Intravenous Sedation with Low-Dose Dexmedetomidine: Its Potential for Use in Dentistry

Sachie Ogawa *,, Hiroaki Seino *, Hiroshi Ito *, Shinya Yamazaki *, Steven Ganzberg , Hiroyoshi Kawaai *
PMCID: PMC2533640  PMID: 18788843

Abstract

This study investigated the physiologic and sedative parameters associated with a low-dose infusion of dexmedetomidine (Dex). Thirteen healthy volunteers were sedated with Dex at a loading dose of 6 mcg/kg/h for 5 minutes and a continuous infusion dose of 0.2 mcg/kg/h for 25 minutes. The recovery process was observed for 60 minutes post infusion. The tidal volume decreased significantly despite nonsignificant changes in respiratory rate, minute ventilation, oxygen saturation, and end-tidal carbon dioxide. The mean arterial pressure and heart rate also decreased significantly but within clinically acceptable levels. Amnesia to pin prick was present in 69% of subjects. A Trieger dot test plot error ratio did not show a significant change at 30 minutes post infusion despite a continued significant decrease in bispectral index. We conclude that sedation with a low dose of Dex appears to be safe and potentially efficacious for young healthy patients undergoing dental procedures.

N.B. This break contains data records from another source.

text \<open>The rotated window of a step, on which the upper word stays strictly positive, avoids the
  two returns to the axis delimiting \<open>True # a @ [False]\<close>.\<close>

lemma rotation_window_cases:
  assumes "excursion e" "balanced (u @ e @ False # v)"
    and eq: "u @ e @ False # v = r1 @ True # a @ False # b" and "balanced r1" "balanced a"
  obtains "length u + length e < length r1"
    | "length r1 < length u" "length u + length e < length r1 + 1 + length a"
    | "length r1 < length u" "length u + length e = length r1 + 1 + length a"
    | "length r1 + length a + 2 < length u"
      "length u + length e < length r1 + length a + 2 + length b"
proof -
  have "height (u @ e @ False # v) (length r1) = 0"
    "height (u @ e @ False # v) (length r1 + length a + 2) = 0"
    using height_balanced_prefix[OF assms(4)]
      height_balanced_prefix[OF balanced_append[OF assms(4) balanced_lift[OF assms(5)]], of b] eq
    by simp_all
  moreover have "length (u @ e @ False # v) = length (r1 @ True # a @ False # b)"
    using eq by simp
  ultimately show ?thesis
    using height_rotated_window_pos[OF assms(1,2), of "length r1"]
      height_rotated_window_pos[OF assms(1,2), of "length r1 + length a + 2"] that
    by fastforce
qed

text \<open>The step takes place inside \<open>r1\<close>, inside \<open>a\<close> or inside \<open>b\<close>, or it moves the down
  step closing \<open>a\<close> leftwards over a final excursion \<open>e\<close> of \<open>a\<close>, which then joins \<open>b\<close>.\<close>

lemma tamari_step_decompose:
  assumes step: "tamari_step p r" and "balanced p"
    and r: "r = r1 @ True # a @ False # b" and r1: "balanced r1" and a: "balanced a"
    and b: "balanced b"
  obtains p1 a' b' where "p = p1 @ True # a' @ False # b'" "length p1 = length r1"
    "tamari_le p1 r1" "tamari_le (a' @ b') (a @ b)" "balanced p1" "balanced a'" "balanced b'"
proof -
  obtain u e v where e: "excursion e" and p: "p = u @ False # e @ v"
    and r': "u @ e @ False # v = r1 @ True # a @ False # b"
    using step r unfolding tamari_step_def by auto
  have "balanced (u @ e @ False # v)"
    using tamari_step_balanced_iff[OF step] \<open>balanced p\<close> r r' by simp
  from rotation_window_cases[OF e this r' r1 a] show ?thesis
  proof cases
    case 1
    then obtain p1 where "p = p1 @ True # a @ False # b" "tamari_step p1 r1"
      using tamari_step_localize[OF e, of u v "[]" r1 "True # a @ False # b"] p r' by auto
    then show ?thesis
      using that r1 a b tamari_step_balanced_iff tamari_step_imp_le tamari_le_length by fastforce
  next
    case 2
    then obtain a' where "p = (r1 @ [True]) @ a' @ False # b" "tamari_step a' a"
      using tamari_step_localize[OF e, of u v "r1 @ [True]" a "False # b"] p r' by auto
    moreover have "tamari_step (a' @ b) (a @ b)"
      using tamari_step_append_context[OF \<open>tamari_step a' a\<close>, of "[]"] by simp
    ultimately show ?thesis
      using that r1 a b tamari_step_balanced_iff tamari_step_imp_le by fastforce
  next
    case 3
    have "(r1 @ [True]) @ a @ False # b = u @ e @ False # v" "length (r1 @ [True]) \<le> length u"
      using 3 r' by simp_all
    then obtain u' where u': "u = r1 @ True # u'" "a @ False # b = u' @ e @ False # v"
      by (rule append_eq_append_prefix) simp
    then have "a = u' @ e" "v = b"
      using 3 append_eq_append_conv[of a "u' @ e" "False # b" "False # v"] by simp_all
    moreover have "balanced u'" "balanced (e @ b)"
      using balanced_append_left[of u' e] balanced_append[of e b] excursion_imp_balanced[OF e]
        a b \<open>a = u' @ e\<close> by simp_all
    ultimately show ?thesis
      using that[of r1 u' "e @ b"] p r1 u'(1) by simp
  next
    case 4
    then obtain b' where "p = (r1 @ True # a @ [False]) @ b' @ []" "tamari_step b' b"
      using tamari_step_localize[OF e, of u v "r1 @ True # a @ [False]" b "[]"] p r' by auto
    moreover have "tamari_step (a @ b') (a @ b)"
      using tamari_step_append_context[OF \<open>tamari_step b' b\<close>, of a "[]"] by simp
    ultimately show ?thesis
      using that r1 a b tamari_step_balanced_iff tamari_step_imp_le by fastforce
  qed
qed

lemma tamari_le_decompose:
  assumes "tamari_le p q" "balanced p"
    and q: "q = q1 @ True # q2 @ [False]" "balanced q1" "balanced q2"
  obtains p1 a b where "p = p1 @ True # a @ False # b" "length p1 = length q1"
    "tamari_le p1 q1" "tamari_le (a @ b) q2" "balanced p1" "balanced a" "balanced b"
proof -
  have "\<exists>p1 a b. p = p1 @ True # a @ False # b \<and> length p1 = length q1 \<and> tamari_le p1 q1
      \<and> tamari_le (a @ b) q2 \<and> balanced p1 \<and> balanced a \<and> balanced b"
    using assms(1,2)
  proof (induction rule: tamari_le_converse_induct)
    case base
    show ?case using q by (intro exI[of _ q1] exI[of _ q2] exI[of _ "[]"]) simp
  next
    case (step p r)
    then obtain r1 a b where r: "r = r1 @ True # a @ False # b" "length r1 = length q1"
      "tamari_le r1 q1" "tamari_le (a @ b) q2" "balanced r1" "balanced a" "balanced b"
      using tamari_step_balanced_iff by blast
    obtain p1 a' b' where "p = p1 @ True # a' @ False # b'" "length p1 = length r1"
      "tamari_le p1 r1" "tamari_le (a' @ b') (a @ b)" "balanced p1" "balanced a'" "balanced b'"
      using tamari_step_decompose[OF step.hyps(1) step.prems r(1) r(5-7)] .
    then show ?case using r(2-4) by (metis tamari_le_trans)
  qed
  then show ?thesis using that by blast
qed

section \<open>Contacts and height sums\<close>

definition contacts :: "bool list \<Rightarrow> nat set" where
  "contacts w = {i. i \<le> length w \<and> height w i = 0}"

lemma contact_eq_card_contacts: "contact w = card (contacts w)"
  by (simp add: contact_def contacts_def)

lemma finite_contacts [simp]: "finite (contacts w)"
  unfolding contacts_def by (rule finite_subset[of _ "{..length w}"]) auto

lemma contacts_append:
  assumes "balanced xs"
  shows "contacts (xs @ ys) = contacts xs \<union> (\<lambda>j. length xs + j) ` contacts ys"
proof (intro set_eqI iffI)
  fix j assume j: "j \<in> contacts (xs @ ys)"
  show "j \<in> contacts xs \<union> (\<lambda>j. length xs + j) ` contacts ys"
  proof (cases "j \<le> length xs")
    case False
    then have "j - length xs \<in> contacts ys" "j = length xs + (j - length xs)"
      using j assms by (auto simp: contacts_def balanced_def height_append)
    then show ?thesis by blast
  qed (use j in \<open>simp add: contacts_def height_append\<close>)
next
  fix j assume "j \<in> contacts xs \<union> (\<lambda>j. length xs + j) ` contacts ys"
  then show "j \<in> contacts (xs @ ys)"
    using assms by (auto simp: contacts_def balanced_def height_append)
qed

lemma contact_append:
  assumes "balanced xs" shows "contact (xs @ ys) + 1 = contact xs + contact ys"
proof -
  have "contacts xs \<inter> (\<lambda>j. length xs + j) ` contacts ys = {length xs}"
    using assms by (force simp: contacts_def balanced_def)
  moreover have "card ((\<lambda>j. length xs + j) ` contacts ys) = card (contacts ys)"
    by (simp add: card_image)
  ultimately show ?thesis
    using card_Un_Int[of "contacts xs" "(\<lambda>j. length xs + j) ` contacts ys"]
    by (simp add: contact_eq_card_contacts contacts_append[OF assms])
qed

lemma contact_lift: "balanced a \<Longrightarrow> contact (True # a @ [False]) = 2"
proof -
  assume a: "balanced a"
  have "contacts (True # a @ [False]) = {0, Suc (Suc (length a))}"
    using a balanced_height_nonneg[OF a] unfolding contacts_def height_lift
    by (auto simp: balanced_def add_nonneg_eq_0_iff)
  then show ?thesis by (simp add: contact_eq_card_contacts)
qed

lemma contact_decompose:
  assumes "balanced p1" "balanced a"
  shows "contact (p1 @ True # a @ False # b) = contact p1 + contact b"
  using contact_append[OF assms(1), of "True # a @ [False]"]
    contact_append[OF balanced_append[OF assms(1) balanced_lift[OF assms(2)]], of b]
    contact_lift[OF assms(2)]
  by simp

lemma balanced_split_at_contact:
  assumes "balanced w" "i \<in> contacts w"
  shows "balanced (take i w)" "balanced (drop i w)" "length (take i w) = i"
proof -
  have "length (take i w) = i" "height (take i w) (length (take i w)) = 0"
    using assms(2) by (simp_all add: contacts_def height_def)
  then show "balanced (take i w)" "balanced (drop i w)" "length (take i w) = i"
    using balanced_appendD[of "take i w" "drop i w"] assms(1) by simp_all
qed

lemma contact_drop:
  assumes "balanced w" "i \<in> contacts w"
  shows "contact (drop i w) = card {j \<in> contacts w. i \<le> j}"
proof -
  note split = balanced_split_at_contact[OF assms]
  have "contacts w = contacts (take i w) \<union> (\<lambda>j. i + j) ` contacts (drop i w)"
    using contacts_append[OF split(1), of "drop i w"] split(3) by simp
  moreover have "j \<le> i" if "j \<in> contacts (take i w)" for j
    using that split(3) by (auto simp: contacts_def)
  moreover have "i \<in> (\<lambda>j. i + j) ` contacts (drop i w)"
    by (force simp: contacts_def)
  ultimately have "{j \<in> contacts w. i \<le> j} = (\<lambda>j. i + j) ` contacts (drop i w)"
    by fastforce
  then show ?thesis
    by (simp add: contact_eq_card_contacts card_image)
qed

lemma bij_betw_card_upper_set:
  fixes S :: "'a::linorder set"
  assumes "finite S"
  shows "bij_betw (\<lambda>i. card {j \<in> S. i \<le> j}) S {1..card S}"
proof -
  let ?g = "\<lambda>i. card {j \<in> S. i \<le> j}"
  have decreasing: "?g b < ?g a" if "a \<in> S" "a < b" for a b
  proof (rule psubset_card_mono)
    have "a \<in> {j \<in> S. a \<le> j} - {j \<in> S. b \<le> j}" "{j \<in> S. b \<le> j} \<subseteq> {j \<in> S. a \<le> j}"
      using that by auto
    then show "{j \<in> S. b \<le> j} \<subset> {j \<in> S. a \<le> j}" by blast
  qed (simp add: assms)
  have inj: "inj_on ?g S"
  proof (rule inj_onI)
    fix a b assume "a \<in> S" "b \<in> S" "?g a = ?g b"
    then show "a = b"
      using decreasing[of a b] decreasing[of b a] by (cases a b rule: linorder_cases) auto
  qed
  have "?g i \<in> {1..card S}" if "i \<in> S" for i
  proof -
    have "{j \<in> S. i \<le> j} \<noteq> {}" using that by auto
    then show ?thesis
      using assms by (simp add: Suc_le_eq card_gt_0_iff card_mono)
  qed
  then have "?g ` S = {1..card S}"
    using inj by (intro card_subset_eq) (auto simp: card_image)
  then show ?thesis
    using inj by (simp add: bij_betw_def)
qed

Keywords: Dexmedetomidine, Sedation, α2-Agonist, Amnesia, Dental procedure

Dexmedetomidine (Dex) is a sedative and analgesic agent that acts through an α2-agonist effect.1 In Japan and the United States, it is licensed as a sedative agent for intensive care unit (ICU) sedation after surgery. The effects of α2-agonists have been associated with reduced anesthetic requirements and attenuated blood pressure and heart rate in response to stressful events.25 The α2-receptors within the spinal cord modulate pain pathways, thereby providing some degree of analgesia.68 In addition, Dex induces a sedative response that exhibits properties similar to natural sleep, unlike other anesthetics. Patients who are given Dex experience a clinically effective sedation yet are still easily and uniquely arousable—an effect that has not been observed with any other clinically available sedative.9,10 Sedation with Dex may be optimal for dental procedures because it possesses many of the properties of an ideal sedative agent, such as minimal influence on respiration and circulation, easy and rapid control of sedative and conscious levels, amnesia, and rapid recovery after sedation.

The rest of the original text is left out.